▸ EXERCISE DIRECTIONS: Scan the entries and copy each line where the word "spread" is present.
= Beginning of Section =
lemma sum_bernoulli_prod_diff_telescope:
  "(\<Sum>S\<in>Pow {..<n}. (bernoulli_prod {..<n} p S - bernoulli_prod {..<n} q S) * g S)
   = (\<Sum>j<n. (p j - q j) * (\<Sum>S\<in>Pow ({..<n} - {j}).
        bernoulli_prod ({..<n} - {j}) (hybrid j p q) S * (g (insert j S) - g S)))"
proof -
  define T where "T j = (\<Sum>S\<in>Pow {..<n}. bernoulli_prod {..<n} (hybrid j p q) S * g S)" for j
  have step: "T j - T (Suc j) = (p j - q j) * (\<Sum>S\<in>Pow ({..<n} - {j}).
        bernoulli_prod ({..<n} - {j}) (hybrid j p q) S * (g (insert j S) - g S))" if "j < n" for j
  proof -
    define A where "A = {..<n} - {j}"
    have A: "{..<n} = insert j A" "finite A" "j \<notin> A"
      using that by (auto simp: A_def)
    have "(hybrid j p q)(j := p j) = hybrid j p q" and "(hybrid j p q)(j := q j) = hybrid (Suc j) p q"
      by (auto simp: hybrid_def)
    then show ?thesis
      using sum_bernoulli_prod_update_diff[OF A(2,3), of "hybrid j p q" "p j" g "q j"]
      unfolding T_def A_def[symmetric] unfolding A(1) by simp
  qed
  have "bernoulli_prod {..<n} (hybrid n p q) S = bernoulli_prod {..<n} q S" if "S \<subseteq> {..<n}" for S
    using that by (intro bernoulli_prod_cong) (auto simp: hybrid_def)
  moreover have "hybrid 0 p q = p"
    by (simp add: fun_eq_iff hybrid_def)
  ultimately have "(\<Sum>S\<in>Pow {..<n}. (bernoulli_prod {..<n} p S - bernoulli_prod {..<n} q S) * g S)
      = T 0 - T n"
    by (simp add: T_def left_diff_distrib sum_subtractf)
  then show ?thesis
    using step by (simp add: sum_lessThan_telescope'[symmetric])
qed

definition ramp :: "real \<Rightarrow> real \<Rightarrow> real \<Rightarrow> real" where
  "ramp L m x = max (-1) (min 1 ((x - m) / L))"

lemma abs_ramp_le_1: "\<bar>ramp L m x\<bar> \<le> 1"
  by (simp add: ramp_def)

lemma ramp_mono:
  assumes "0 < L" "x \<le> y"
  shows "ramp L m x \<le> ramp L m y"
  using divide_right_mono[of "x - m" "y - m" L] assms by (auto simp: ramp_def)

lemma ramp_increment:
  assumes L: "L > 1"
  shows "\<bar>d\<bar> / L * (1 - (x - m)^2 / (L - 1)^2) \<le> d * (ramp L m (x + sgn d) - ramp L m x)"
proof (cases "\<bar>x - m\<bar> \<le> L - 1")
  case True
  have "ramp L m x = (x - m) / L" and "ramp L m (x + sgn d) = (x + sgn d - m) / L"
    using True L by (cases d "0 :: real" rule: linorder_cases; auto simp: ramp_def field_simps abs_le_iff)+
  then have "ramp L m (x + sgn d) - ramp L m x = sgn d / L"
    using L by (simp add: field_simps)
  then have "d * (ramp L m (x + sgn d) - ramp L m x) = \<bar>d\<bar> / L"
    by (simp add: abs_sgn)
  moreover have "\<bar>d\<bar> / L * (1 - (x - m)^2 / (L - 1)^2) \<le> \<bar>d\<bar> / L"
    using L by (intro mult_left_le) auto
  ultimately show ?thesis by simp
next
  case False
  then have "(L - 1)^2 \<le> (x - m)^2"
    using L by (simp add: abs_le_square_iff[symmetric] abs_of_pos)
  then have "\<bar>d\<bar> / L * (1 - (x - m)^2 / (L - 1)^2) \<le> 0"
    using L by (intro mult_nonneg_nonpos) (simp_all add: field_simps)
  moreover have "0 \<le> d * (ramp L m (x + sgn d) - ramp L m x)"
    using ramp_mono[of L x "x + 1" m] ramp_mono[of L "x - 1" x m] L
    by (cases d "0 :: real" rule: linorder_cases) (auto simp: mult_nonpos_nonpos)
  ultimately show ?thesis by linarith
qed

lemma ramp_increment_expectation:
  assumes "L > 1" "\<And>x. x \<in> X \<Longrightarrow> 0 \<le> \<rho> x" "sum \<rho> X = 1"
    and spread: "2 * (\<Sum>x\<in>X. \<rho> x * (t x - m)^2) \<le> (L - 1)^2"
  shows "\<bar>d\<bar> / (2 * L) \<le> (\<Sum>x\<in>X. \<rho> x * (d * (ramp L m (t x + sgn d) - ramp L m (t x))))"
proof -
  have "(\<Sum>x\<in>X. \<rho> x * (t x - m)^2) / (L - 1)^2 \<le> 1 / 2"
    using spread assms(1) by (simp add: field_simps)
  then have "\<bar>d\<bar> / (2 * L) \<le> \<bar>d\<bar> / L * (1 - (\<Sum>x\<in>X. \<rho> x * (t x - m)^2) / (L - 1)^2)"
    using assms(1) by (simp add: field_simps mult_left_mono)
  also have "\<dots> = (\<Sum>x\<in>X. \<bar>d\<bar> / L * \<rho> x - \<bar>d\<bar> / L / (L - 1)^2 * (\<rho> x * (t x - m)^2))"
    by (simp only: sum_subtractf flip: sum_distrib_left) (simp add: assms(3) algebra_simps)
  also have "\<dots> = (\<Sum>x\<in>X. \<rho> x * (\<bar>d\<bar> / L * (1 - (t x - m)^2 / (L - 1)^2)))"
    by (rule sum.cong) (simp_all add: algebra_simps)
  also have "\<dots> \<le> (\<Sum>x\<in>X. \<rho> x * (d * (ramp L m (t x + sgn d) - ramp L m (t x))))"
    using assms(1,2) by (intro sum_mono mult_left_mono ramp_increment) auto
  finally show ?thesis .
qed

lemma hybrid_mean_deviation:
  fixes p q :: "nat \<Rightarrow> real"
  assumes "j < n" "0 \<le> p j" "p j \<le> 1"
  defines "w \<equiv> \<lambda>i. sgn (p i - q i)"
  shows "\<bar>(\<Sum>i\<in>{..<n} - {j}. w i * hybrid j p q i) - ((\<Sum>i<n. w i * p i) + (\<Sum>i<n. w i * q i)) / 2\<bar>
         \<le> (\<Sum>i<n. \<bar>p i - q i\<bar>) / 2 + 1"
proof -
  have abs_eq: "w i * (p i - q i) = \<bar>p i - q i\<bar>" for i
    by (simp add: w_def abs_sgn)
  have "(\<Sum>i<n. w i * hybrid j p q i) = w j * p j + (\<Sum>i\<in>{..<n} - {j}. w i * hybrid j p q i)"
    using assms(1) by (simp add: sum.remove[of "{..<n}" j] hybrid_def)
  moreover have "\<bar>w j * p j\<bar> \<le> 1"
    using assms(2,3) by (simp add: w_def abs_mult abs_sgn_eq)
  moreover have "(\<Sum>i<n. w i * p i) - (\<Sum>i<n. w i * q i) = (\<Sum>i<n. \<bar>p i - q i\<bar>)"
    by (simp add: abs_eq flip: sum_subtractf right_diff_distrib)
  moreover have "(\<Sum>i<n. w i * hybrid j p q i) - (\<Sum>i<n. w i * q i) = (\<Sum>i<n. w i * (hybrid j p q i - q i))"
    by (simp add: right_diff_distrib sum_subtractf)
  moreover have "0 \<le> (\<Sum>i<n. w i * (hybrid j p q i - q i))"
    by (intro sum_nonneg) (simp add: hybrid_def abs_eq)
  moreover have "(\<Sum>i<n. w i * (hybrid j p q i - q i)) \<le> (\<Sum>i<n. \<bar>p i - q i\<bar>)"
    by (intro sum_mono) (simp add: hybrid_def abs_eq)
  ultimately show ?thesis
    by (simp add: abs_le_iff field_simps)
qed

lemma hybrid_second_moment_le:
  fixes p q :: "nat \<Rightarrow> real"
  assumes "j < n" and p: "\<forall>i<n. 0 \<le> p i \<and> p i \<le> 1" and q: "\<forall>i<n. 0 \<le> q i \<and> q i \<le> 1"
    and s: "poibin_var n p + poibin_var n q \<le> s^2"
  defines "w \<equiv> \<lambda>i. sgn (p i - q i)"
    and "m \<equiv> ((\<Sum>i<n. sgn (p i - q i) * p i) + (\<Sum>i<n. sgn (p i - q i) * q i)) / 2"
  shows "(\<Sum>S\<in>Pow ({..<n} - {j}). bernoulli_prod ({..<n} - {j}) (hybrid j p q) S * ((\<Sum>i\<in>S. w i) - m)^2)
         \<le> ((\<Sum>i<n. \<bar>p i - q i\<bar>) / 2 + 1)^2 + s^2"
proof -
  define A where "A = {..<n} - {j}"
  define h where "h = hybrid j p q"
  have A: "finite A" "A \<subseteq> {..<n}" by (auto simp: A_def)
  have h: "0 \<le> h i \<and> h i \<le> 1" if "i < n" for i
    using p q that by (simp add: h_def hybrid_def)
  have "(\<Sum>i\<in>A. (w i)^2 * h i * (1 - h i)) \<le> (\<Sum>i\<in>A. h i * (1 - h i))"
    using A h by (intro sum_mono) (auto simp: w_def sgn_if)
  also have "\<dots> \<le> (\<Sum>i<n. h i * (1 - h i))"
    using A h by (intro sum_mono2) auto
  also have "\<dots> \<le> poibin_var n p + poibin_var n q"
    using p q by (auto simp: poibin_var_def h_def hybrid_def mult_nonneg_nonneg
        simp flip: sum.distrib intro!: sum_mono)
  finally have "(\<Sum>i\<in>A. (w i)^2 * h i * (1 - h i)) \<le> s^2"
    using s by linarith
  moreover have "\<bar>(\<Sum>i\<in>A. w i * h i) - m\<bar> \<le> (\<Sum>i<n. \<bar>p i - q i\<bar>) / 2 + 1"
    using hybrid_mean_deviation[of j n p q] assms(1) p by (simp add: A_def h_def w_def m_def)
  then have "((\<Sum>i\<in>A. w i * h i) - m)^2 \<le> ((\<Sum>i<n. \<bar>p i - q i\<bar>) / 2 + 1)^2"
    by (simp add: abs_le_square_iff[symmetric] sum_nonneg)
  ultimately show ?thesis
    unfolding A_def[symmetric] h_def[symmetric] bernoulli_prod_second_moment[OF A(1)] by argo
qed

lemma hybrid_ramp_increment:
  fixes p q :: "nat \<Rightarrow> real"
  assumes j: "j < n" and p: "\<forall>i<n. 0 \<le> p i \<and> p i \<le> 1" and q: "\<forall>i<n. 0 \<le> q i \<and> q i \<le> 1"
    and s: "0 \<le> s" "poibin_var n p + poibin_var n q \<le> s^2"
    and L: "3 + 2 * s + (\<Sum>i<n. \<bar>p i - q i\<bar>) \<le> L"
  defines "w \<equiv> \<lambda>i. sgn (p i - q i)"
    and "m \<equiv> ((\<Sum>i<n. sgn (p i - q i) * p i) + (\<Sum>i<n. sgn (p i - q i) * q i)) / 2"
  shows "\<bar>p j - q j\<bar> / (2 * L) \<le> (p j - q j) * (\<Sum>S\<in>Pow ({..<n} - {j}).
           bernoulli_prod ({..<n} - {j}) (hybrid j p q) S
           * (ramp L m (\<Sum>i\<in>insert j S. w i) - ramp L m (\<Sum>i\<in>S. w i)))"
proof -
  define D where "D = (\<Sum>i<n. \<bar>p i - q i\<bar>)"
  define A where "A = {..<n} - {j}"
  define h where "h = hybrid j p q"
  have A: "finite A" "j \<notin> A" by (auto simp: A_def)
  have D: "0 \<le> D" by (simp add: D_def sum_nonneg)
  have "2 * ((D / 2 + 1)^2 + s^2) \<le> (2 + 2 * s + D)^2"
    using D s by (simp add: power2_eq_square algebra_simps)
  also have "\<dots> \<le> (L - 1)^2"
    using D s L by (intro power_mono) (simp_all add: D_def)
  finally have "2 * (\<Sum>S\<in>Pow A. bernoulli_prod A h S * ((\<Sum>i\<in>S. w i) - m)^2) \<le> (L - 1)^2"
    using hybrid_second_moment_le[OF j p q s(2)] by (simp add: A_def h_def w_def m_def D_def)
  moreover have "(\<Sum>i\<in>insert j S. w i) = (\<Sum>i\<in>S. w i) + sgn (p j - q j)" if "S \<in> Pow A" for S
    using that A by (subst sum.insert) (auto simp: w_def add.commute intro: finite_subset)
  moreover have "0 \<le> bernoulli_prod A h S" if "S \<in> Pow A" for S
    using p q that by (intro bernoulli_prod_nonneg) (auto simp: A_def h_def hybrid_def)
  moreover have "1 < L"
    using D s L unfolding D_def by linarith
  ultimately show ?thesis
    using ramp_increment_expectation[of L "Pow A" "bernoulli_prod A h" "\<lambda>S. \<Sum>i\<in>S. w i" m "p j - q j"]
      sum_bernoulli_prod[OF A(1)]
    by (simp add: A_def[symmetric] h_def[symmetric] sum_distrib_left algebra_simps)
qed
= End of Section =
= Beginning of Section =
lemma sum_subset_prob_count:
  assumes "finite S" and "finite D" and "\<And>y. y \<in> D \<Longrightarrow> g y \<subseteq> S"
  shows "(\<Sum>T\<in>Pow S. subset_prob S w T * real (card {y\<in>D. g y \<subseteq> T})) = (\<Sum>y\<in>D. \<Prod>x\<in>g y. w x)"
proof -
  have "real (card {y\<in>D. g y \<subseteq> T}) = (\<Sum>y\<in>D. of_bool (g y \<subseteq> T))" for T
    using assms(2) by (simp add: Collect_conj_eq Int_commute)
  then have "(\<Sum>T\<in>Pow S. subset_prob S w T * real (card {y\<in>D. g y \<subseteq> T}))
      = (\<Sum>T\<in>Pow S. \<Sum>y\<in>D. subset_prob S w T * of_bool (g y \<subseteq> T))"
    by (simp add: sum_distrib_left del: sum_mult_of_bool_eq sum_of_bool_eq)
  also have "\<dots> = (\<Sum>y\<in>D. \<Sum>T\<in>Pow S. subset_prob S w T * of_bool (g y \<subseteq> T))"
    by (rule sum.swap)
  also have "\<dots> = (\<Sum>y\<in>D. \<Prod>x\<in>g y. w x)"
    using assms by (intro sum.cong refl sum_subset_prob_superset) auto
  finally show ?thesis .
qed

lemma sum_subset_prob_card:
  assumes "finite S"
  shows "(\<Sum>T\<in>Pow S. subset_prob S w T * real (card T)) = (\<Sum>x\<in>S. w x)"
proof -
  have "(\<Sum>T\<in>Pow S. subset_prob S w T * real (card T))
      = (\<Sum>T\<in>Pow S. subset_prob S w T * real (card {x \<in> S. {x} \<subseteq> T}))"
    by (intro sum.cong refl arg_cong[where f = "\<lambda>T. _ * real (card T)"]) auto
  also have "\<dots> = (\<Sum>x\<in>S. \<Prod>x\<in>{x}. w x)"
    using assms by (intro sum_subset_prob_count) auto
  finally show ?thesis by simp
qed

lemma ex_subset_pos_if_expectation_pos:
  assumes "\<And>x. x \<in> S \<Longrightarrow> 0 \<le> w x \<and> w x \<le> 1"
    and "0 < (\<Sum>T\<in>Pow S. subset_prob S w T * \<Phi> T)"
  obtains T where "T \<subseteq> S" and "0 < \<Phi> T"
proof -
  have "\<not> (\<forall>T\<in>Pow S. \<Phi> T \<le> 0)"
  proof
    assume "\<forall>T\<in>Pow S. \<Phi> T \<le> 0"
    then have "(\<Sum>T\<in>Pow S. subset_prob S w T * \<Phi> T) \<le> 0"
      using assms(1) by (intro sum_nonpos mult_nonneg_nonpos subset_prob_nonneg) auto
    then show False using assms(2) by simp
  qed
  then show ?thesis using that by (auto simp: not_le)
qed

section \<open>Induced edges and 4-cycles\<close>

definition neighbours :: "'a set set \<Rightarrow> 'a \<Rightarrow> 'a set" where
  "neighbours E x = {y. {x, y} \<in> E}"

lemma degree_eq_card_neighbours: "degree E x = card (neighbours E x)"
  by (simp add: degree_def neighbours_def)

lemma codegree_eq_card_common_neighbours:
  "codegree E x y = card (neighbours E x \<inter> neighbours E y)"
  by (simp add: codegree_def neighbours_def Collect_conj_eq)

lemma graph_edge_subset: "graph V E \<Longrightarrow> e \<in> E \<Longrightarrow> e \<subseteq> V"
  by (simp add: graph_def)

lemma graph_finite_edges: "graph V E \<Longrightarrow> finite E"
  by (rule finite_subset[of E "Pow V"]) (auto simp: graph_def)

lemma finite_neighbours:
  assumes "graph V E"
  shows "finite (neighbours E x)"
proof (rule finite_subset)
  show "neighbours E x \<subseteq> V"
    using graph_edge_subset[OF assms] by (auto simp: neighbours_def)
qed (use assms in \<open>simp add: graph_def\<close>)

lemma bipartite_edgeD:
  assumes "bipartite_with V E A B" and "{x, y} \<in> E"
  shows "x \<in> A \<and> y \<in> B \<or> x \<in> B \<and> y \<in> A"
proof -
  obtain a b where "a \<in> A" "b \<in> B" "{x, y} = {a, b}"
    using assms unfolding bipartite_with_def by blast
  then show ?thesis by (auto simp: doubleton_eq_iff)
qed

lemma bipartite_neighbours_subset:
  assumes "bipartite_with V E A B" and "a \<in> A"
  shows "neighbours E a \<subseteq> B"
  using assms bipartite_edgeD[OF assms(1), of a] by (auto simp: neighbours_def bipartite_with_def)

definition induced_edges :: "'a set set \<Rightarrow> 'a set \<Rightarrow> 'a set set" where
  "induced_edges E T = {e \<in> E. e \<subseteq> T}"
= End of Section =
▸ TASK OUTPUT:
    and spread: "2 * (\<Sum>x\<in>X. \<rho> x * (t x - m)^2) \<le> (L - 1)^2"
    using spread assms(1) by (simp add: field_simps)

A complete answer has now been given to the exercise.